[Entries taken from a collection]
+ + +

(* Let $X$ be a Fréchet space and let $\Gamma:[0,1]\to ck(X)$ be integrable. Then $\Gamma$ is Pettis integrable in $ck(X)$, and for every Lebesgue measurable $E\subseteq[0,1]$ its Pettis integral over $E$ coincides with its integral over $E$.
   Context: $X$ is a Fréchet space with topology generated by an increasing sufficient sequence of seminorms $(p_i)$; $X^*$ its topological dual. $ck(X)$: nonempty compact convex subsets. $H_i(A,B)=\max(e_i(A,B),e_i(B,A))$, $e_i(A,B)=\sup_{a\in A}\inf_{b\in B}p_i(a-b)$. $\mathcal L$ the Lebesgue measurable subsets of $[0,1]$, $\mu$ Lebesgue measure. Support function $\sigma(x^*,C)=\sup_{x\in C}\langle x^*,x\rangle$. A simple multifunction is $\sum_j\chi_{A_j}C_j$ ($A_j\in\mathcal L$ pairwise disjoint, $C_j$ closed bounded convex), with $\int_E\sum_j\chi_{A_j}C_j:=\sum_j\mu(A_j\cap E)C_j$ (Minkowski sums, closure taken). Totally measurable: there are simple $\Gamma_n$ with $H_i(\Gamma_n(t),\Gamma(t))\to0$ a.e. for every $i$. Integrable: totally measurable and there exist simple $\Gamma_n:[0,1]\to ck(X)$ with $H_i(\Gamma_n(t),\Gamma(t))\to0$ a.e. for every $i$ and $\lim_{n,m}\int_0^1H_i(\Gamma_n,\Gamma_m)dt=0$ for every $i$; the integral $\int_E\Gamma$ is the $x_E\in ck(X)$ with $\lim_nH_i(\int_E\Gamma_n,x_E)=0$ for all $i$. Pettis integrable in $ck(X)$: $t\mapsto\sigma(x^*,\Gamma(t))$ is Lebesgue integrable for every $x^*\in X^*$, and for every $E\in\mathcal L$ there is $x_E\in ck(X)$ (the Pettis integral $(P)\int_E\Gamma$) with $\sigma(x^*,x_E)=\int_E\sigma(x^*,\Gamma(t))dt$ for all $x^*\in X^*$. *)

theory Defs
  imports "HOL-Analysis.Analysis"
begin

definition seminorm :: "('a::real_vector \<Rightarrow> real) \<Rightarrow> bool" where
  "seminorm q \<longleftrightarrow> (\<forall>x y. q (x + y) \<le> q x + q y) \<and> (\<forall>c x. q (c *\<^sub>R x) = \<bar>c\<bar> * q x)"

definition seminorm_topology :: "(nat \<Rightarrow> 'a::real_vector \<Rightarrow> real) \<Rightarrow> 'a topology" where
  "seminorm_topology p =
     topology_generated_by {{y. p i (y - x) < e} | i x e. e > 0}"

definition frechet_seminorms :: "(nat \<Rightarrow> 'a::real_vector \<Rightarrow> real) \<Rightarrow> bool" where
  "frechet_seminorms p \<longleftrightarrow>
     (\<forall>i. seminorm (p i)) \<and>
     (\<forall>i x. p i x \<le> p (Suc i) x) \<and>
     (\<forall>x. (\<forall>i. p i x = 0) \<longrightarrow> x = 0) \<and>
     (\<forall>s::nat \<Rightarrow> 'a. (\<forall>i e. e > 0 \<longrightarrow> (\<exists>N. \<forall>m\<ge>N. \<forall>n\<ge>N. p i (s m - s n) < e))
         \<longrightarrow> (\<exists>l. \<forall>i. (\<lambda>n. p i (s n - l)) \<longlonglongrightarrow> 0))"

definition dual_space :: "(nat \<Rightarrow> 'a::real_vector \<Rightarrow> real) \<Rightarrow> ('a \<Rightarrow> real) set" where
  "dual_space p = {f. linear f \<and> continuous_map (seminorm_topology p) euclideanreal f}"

+ + +

> **Problem statement**: Could you give the records again, exactly as they appear?

> **Answer section**:
(* Let $X$ be a Fréchet space and let $\Gamma:[0,1]\to ck(X)$ be integrable. Then $\Gamma$ is Pettis integrable in $ck(X)$, and for every Lebesgue measurable $E\subseteq[0,1]$ its Pettis integral over $E$ coincides with its integral over $E$.
   Context: $X$ is a Fréchet space with topology generated by an increasing sufficient sequence of seminorms $(p_i)$; $X^*$ its topological dual. $ck(X)$: nonempty compact convex subsets. $H_i(A,B)=\max(e_i(A,B),e_i(B,A))$, $e_i(A,B)=\sup_{a\in A}\inf_{b\in B}p_i(a-b)$. $\mathcal L$ the Lebesgue measurable subsets of $[0,1]$, $\mu$ Lebesgue measure. Support function $\sigma(x^*,C)=\sup_{x\in C}\langle x^*,x\rangle$. A simple multifunction is $\sum_j\chi_{A_j}C_j$ ($A_j\in\mathcal L$ pairwise disjoint, $C_j$ closed bounded convex), with $\int_E\sum_j\chi_{A_j}C_j:=\sum_j\mu(A_j\cap E)C_j$ (Minkowski sums, closure taken). Totally measurable: there are simple $\Gamma_n$ with $H_i(\Gamma_n(t),\Gamma(t))\to0$ a.e. for every $i$. Integrable: totally measurable and there exist simple $\Gamma_n:[0,1]\to ck(X)$ with $H_i(\Gamma_n(t),\Gamma(t))\to0$ a.e. for every $i$ and $\lim_{n,m}\int_0^1H_i(\Gamma_n,\Gamma_m)dt=0$ for every $i$; the integral $\int_E\Gamma$ is the $x_E\in ck(X)$ with $\lim_nH_i(\int_E\Gamma_n,x_E)=0$ for all $i$. Pettis integrable in $ck(X)$: $t\mapsto\sigma(x^*,\Gamma(t))$ is Lebesgue integrable for every $x^*\in X^*$, and for every $E\in\mathcal L$ there is $x_E\in ck(X)$ (the Pettis integral $(P)\int_E\Gamma$) with $\sigma(x^*,x_E)=\int_E\sigma(x^*,\Gamma(t))dt$ for all $x^*\in X^*$. *)

theory Defs
  imports "HOL-Analysis.Analysis"
begin

definition seminorm :: "('a::real_vector \<Rightarrow> real) \<Rightarrow> bool" where
  "seminorm q \<longleftrightarrow> (\<forall>x y. q (x + y) \<le> q x + q y) \<and> (\<forall>c x. q (c *\<^sub>R x) = \<bar>c\<bar> * q x)"

definition seminorm_topology :: "(nat \<Rightarrow> 'a::real_vector \<Rightarrow> real) \<Rightarrow> 'a topology" where
  "seminorm_topology p =
     topology_generated_by {{y. p i (y - x) < e} | i x e. e > 0}"

definition frechet_seminorms :: "(nat \<Rightarrow> 'a::real_vector \<Rightarrow> real) \<Rightarrow> bool" where
  "frechet_seminorms p \<longleftrightarrow>
     (\<forall>i. seminorm (p i)) \<and>
     (\<forall>i x. p i x \<le> p (Suc i) x) \<and>
     (\<forall>x. (\<forall>i. p i x = 0) \<longrightarrow> x = 0) \<and>
     (\<forall>s::nat \<Rightarrow> 'a. (\<forall>i e. e > 0 \<longrightarrow> (\<exists>N. \<forall>m\<ge>N. \<forall>n\<ge>N. p i (s m - s n) < e))
         \<longrightarrow> (\<exists>l. \<forall>i. (\<lambda>n. p i (s n - l)) \<longlonglongrightarrow> 0))"

definition dual_space :: "(nat \<Rightarrow> 'a::real_vector \<Rightarrow> real) \<Rightarrow> ('a \<Rightarrow> real) set" where
  "dual_space p = {f. linear f \<and> continuous_map (seminorm_topology p) euclideanreal f}"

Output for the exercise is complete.